WHAT TO WORK ON: Quote exactly the lines spanning from the top of the data below to the line that contains "e) = \<alpha> * \<gamma>", including both.

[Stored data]
- Opening Delimiter -

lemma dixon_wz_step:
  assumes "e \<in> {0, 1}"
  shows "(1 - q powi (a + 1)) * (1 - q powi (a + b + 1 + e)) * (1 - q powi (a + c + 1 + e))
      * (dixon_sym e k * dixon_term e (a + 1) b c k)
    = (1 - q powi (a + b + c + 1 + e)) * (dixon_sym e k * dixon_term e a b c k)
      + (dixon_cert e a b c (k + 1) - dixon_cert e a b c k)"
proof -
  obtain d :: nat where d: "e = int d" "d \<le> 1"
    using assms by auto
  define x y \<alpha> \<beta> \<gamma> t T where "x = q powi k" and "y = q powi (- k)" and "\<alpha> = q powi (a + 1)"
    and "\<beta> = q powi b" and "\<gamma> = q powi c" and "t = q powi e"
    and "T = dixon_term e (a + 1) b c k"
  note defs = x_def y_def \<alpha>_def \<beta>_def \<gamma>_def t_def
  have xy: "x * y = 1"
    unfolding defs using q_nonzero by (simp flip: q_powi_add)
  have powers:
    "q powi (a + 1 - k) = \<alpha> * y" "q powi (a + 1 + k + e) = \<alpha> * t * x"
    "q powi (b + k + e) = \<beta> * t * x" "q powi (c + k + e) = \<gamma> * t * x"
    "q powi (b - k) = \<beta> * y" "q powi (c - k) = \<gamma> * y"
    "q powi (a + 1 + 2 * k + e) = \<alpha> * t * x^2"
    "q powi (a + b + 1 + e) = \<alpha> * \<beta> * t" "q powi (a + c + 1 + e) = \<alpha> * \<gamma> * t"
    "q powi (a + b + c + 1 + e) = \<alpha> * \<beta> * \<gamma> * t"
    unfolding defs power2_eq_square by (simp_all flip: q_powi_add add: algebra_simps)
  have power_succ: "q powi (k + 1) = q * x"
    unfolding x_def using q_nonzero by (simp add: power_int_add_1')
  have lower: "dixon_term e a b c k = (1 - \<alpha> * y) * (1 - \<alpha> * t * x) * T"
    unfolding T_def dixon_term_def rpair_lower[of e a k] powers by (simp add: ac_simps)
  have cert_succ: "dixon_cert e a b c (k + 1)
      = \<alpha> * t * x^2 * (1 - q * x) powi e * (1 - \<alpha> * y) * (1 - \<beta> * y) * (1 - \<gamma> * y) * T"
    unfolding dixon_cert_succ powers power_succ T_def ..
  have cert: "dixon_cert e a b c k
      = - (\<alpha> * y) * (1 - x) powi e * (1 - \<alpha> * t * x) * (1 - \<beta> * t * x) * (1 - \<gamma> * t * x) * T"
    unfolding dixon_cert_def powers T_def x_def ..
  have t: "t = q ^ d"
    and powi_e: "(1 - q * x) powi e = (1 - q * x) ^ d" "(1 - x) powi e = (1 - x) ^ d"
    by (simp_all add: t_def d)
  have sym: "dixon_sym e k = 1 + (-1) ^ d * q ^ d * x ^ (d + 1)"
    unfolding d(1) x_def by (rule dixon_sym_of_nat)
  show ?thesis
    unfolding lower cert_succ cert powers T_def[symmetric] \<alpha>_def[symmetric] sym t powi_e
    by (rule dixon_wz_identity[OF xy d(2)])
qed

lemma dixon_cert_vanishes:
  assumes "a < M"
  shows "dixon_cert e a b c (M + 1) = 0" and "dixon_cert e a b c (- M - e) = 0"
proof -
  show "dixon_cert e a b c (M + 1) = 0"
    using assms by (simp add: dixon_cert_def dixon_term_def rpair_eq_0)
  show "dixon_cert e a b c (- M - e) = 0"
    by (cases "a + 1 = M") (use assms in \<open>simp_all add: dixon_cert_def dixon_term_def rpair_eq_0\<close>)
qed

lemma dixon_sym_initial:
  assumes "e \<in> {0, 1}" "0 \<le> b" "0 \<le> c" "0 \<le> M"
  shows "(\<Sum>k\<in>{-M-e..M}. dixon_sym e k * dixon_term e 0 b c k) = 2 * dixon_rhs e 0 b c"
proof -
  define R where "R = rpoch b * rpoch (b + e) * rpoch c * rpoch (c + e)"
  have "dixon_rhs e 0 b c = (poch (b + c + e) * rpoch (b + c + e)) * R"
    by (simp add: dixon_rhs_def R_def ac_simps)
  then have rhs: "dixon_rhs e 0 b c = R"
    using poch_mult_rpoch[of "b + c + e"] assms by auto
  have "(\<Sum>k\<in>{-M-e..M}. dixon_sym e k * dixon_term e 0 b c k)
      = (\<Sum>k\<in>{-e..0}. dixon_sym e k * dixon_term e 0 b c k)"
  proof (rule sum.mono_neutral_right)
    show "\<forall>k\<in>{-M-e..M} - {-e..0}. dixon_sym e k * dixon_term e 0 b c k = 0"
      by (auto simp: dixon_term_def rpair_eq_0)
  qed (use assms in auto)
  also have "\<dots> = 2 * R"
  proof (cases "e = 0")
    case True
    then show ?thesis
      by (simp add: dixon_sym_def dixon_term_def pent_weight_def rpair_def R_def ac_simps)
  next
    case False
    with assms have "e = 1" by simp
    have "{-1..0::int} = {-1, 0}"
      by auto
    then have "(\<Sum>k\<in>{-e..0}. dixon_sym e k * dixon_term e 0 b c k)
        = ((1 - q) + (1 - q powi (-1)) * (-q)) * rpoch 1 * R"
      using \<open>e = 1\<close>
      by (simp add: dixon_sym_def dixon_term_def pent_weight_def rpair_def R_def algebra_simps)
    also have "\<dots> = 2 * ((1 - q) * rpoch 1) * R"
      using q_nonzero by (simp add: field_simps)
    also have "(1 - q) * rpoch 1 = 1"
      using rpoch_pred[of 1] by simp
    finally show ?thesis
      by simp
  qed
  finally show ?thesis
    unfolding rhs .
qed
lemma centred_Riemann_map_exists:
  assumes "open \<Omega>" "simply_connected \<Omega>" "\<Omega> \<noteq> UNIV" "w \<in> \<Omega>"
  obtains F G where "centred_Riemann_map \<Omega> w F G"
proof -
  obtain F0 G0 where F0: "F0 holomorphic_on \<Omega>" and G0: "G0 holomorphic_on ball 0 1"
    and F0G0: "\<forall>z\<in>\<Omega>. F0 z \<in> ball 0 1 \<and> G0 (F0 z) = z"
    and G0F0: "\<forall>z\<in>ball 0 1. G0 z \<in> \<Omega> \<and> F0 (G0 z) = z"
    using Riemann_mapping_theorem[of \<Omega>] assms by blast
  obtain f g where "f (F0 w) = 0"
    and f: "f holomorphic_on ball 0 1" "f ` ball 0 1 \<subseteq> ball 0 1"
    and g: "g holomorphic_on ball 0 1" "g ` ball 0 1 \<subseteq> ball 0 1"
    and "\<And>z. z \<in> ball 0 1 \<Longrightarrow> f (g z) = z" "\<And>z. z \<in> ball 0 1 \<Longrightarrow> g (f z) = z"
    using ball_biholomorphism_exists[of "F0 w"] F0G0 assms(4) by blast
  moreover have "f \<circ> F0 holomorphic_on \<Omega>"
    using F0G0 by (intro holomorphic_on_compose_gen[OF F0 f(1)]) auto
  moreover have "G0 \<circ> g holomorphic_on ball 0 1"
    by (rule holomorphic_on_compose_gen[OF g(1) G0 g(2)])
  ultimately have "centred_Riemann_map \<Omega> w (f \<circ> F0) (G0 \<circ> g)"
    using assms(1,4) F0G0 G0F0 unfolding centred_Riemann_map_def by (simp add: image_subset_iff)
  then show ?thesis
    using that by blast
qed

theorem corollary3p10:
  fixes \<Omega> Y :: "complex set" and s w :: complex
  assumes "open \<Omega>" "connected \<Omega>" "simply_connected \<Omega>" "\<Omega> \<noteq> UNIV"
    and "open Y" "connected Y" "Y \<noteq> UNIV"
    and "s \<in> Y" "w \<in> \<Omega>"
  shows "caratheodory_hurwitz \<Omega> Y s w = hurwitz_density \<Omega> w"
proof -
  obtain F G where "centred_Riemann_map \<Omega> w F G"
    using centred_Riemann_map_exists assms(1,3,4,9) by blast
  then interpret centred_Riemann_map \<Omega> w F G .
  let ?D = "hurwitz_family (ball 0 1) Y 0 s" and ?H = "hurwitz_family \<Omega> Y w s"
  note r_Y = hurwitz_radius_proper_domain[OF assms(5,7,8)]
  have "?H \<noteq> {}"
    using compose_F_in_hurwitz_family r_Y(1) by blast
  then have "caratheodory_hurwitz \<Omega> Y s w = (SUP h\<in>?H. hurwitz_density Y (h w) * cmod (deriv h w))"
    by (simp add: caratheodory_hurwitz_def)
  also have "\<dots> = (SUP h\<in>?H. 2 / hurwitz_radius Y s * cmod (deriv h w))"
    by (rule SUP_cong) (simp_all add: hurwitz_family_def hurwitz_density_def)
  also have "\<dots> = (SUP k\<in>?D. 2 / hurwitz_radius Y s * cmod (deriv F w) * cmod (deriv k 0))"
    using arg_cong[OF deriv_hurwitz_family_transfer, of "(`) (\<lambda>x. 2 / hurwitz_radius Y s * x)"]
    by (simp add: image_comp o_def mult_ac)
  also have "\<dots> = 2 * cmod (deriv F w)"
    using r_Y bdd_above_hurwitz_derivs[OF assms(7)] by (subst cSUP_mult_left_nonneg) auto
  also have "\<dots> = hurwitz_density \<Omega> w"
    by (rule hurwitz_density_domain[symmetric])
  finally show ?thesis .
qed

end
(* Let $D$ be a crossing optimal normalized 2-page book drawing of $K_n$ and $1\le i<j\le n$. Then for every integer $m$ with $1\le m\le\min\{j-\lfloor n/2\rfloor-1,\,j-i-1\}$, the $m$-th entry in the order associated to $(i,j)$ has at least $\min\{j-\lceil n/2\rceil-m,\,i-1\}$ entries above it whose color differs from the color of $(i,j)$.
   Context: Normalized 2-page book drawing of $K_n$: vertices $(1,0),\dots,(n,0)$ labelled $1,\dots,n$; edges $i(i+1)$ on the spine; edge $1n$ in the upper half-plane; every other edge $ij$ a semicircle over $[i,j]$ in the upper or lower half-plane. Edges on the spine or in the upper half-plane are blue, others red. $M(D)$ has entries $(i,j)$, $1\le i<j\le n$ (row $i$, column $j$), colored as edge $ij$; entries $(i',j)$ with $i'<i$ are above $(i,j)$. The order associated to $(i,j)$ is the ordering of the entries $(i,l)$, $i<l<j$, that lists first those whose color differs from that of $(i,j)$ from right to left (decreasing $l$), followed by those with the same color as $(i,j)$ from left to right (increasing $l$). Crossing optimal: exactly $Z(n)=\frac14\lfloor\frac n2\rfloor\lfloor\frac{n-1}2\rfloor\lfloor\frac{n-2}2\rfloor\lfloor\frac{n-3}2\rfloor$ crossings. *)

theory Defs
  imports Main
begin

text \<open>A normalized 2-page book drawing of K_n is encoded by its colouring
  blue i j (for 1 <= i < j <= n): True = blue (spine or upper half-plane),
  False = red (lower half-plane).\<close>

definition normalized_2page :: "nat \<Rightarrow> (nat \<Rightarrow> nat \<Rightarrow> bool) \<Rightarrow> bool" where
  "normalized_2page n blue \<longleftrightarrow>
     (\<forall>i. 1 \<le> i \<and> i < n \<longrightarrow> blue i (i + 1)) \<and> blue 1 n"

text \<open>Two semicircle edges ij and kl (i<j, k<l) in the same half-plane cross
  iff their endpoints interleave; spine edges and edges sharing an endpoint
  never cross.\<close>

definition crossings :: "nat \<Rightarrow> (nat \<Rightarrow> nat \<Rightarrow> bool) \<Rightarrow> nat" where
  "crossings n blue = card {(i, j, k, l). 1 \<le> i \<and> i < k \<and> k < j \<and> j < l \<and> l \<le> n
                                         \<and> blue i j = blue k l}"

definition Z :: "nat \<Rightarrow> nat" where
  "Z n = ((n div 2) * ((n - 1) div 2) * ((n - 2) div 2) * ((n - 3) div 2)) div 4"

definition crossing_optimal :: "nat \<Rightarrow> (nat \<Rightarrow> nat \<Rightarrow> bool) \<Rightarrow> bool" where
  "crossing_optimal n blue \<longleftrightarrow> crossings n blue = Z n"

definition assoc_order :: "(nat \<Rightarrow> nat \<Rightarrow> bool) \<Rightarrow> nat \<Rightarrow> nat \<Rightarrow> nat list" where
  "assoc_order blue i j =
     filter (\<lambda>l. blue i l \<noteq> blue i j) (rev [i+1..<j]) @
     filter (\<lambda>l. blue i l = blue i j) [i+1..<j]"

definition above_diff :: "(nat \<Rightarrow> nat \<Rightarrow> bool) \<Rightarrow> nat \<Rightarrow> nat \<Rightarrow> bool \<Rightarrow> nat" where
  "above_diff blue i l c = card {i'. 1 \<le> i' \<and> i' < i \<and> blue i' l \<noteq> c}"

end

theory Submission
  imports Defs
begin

- Closing Delimiter -

YOUR SOLUTION:
lemma dixon_wz_step:
  assumes "e \<in> {0, 1}"
  shows "(1 - q powi (a + 1)) * (1 - q powi (a + b + 1 + e)) * (1 - q powi (a + c + 1 + e))
      * (dixon_sym e k * dixon_term e (a + 1) b c k)
    = (1 - q powi (a + b + c + 1 + e)) * (dixon_sym e k * dixon_term e a b c k)
      + (dixon_cert e a b c (k + 1) - dixon_cert e a b c k)"
proof -
  obtain d :: nat where d: "e = int d" "d \<le> 1"
    using assms by auto
  define x y \<alpha> \<beta> \<gamma> t T where "x = q powi k" and "y = q powi (- k)" and "\<alpha> = q powi (a + 1)"
    and "\<beta> = q powi b" and "\<gamma> = q powi c" and "t = q powi e"
    and "T = dixon_term e (a + 1) b c k"
  note defs = x_def y_def \<alpha>_def \<beta>_def \<gamma>_def t_def
  have xy: "x * y = 1"
    unfolding defs using q_nonzero by (simp flip: q_powi_add)
  have powers:
    "q powi (a + 1 - k) = \<alpha> * y" "q powi (a + 1 + k + e) = \<alpha> * t * x"
    "q powi (b + k + e) = \<beta> * t * x" "q powi (c + k + e) = \<gamma> * t * x"
    "q powi (b - k) = \<beta> * y" "q powi (c - k) = \<gamma> * y"
    "q powi (a + 1 + 2 * k + e) = \<alpha> * t * x^2"
    "q powi (a + b + 1 + e) = \<alpha> * \<beta> * t" "q powi (a + c + 1 + e) = \<alpha> * \<gamma> * t"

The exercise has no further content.